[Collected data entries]
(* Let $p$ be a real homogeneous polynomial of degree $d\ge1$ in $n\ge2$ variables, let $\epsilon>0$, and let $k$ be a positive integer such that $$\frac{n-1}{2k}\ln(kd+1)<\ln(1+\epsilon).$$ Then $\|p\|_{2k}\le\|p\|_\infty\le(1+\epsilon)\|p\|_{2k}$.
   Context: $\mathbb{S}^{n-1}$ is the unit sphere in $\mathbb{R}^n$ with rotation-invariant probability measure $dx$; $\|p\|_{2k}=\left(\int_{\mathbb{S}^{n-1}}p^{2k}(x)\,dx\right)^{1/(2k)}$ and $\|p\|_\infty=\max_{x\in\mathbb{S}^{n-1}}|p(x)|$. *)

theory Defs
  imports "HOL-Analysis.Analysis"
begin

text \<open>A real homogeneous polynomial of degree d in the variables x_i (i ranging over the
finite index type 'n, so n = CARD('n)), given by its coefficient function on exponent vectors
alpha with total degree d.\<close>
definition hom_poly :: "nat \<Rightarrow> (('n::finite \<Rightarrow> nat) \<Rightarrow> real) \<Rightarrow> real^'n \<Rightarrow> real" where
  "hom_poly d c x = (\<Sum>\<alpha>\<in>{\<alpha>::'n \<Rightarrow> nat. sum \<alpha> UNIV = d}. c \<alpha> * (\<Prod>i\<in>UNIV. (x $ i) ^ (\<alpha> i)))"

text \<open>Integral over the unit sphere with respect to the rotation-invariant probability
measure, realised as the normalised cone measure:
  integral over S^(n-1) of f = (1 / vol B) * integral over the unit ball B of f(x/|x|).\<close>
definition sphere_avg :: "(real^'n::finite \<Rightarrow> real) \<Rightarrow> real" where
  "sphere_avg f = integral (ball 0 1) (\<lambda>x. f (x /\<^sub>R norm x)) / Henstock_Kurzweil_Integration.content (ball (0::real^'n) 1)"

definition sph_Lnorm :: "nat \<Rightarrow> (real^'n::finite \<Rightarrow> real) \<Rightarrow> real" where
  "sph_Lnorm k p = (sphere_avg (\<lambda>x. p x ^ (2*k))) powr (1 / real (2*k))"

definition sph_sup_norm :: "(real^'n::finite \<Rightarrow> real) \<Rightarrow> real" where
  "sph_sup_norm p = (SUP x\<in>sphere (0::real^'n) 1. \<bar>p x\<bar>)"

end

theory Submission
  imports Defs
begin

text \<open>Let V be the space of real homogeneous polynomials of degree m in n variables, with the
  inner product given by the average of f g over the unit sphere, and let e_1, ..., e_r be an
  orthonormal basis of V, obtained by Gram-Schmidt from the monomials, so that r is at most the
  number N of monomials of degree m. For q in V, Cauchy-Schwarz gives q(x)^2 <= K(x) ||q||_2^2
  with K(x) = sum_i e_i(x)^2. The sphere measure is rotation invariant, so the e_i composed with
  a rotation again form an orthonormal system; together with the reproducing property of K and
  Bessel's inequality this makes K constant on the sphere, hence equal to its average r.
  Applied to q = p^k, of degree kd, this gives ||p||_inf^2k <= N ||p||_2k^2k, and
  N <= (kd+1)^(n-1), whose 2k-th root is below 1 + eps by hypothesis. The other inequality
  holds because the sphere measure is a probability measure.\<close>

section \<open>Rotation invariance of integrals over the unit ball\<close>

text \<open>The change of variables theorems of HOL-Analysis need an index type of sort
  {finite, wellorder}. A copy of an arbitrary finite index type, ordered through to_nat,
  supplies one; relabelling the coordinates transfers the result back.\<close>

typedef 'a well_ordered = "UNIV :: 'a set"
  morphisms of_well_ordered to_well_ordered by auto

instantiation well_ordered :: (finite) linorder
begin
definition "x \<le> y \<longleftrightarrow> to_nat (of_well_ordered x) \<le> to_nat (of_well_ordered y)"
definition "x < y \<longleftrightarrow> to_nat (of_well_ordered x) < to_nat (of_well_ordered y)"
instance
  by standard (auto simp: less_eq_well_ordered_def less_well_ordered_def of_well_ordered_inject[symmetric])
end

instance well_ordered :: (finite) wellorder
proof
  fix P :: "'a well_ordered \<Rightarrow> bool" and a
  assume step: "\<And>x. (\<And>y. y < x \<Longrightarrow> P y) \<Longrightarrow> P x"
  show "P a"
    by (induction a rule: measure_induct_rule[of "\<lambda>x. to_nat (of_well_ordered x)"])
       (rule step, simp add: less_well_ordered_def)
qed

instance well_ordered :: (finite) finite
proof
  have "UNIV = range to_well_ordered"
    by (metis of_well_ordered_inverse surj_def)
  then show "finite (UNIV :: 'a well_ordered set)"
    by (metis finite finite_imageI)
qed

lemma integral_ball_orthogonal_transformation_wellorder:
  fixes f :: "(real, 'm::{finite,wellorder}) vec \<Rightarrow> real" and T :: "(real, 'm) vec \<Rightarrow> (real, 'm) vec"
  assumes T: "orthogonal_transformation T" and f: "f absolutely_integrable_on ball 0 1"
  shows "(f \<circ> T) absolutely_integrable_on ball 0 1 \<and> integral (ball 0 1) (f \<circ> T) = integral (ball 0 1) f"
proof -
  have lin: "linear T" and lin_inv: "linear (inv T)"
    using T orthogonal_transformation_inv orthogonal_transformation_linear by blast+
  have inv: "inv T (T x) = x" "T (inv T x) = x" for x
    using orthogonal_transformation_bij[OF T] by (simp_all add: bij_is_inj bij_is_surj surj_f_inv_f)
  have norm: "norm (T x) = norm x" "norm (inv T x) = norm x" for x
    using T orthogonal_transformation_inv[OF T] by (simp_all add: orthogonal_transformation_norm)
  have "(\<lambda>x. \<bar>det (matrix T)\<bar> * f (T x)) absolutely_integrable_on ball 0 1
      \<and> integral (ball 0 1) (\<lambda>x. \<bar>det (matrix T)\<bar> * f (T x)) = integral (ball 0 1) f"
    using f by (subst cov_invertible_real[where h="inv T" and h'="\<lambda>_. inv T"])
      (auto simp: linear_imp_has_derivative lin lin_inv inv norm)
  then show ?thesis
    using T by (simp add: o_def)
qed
--
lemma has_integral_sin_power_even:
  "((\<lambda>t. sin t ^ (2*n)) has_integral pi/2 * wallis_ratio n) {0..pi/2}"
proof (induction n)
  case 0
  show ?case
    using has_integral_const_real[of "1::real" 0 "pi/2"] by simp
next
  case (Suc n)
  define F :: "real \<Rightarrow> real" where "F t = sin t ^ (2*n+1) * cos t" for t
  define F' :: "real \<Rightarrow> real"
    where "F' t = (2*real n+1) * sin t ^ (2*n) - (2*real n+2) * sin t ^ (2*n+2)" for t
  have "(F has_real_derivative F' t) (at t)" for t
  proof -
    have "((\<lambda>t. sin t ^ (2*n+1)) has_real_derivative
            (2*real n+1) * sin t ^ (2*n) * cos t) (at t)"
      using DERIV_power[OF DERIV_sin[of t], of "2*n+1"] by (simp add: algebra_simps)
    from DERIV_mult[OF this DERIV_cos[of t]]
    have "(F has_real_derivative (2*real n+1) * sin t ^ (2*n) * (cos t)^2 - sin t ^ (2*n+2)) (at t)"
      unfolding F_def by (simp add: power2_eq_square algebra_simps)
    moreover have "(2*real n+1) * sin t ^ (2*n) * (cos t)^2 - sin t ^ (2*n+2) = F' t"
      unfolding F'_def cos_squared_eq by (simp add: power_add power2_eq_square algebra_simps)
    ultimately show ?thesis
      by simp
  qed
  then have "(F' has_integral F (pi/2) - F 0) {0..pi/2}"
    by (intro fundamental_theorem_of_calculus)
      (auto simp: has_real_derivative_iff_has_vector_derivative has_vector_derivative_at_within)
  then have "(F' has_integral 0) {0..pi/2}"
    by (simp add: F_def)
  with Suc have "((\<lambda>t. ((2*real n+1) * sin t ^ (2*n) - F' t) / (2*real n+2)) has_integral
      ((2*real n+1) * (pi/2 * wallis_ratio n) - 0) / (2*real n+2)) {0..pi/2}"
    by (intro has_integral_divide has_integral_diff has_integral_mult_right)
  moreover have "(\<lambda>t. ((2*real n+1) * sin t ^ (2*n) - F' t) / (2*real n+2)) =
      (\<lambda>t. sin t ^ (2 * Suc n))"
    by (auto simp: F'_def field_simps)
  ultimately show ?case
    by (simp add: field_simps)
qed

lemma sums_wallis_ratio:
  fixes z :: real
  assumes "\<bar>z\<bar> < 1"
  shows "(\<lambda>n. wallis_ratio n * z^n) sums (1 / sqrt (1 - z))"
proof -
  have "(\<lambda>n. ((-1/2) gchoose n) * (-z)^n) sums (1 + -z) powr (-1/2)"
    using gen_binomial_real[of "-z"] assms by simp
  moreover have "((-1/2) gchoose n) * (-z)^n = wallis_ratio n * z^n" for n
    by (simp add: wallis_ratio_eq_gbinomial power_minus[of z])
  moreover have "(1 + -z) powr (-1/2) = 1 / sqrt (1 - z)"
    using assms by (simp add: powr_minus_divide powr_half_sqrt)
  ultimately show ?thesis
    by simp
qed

▸ **What this task involves**:
Examine the records and pull out every line where the string "inequality" occurs.

▸ **Answer area**:
  Bessel's inequality this makes K constant on the sphere, hence equal to its average r.
  N <= (kd+1)^(n-1), whose 2k-th root is below 1 + eps by hypothesis. The other inequality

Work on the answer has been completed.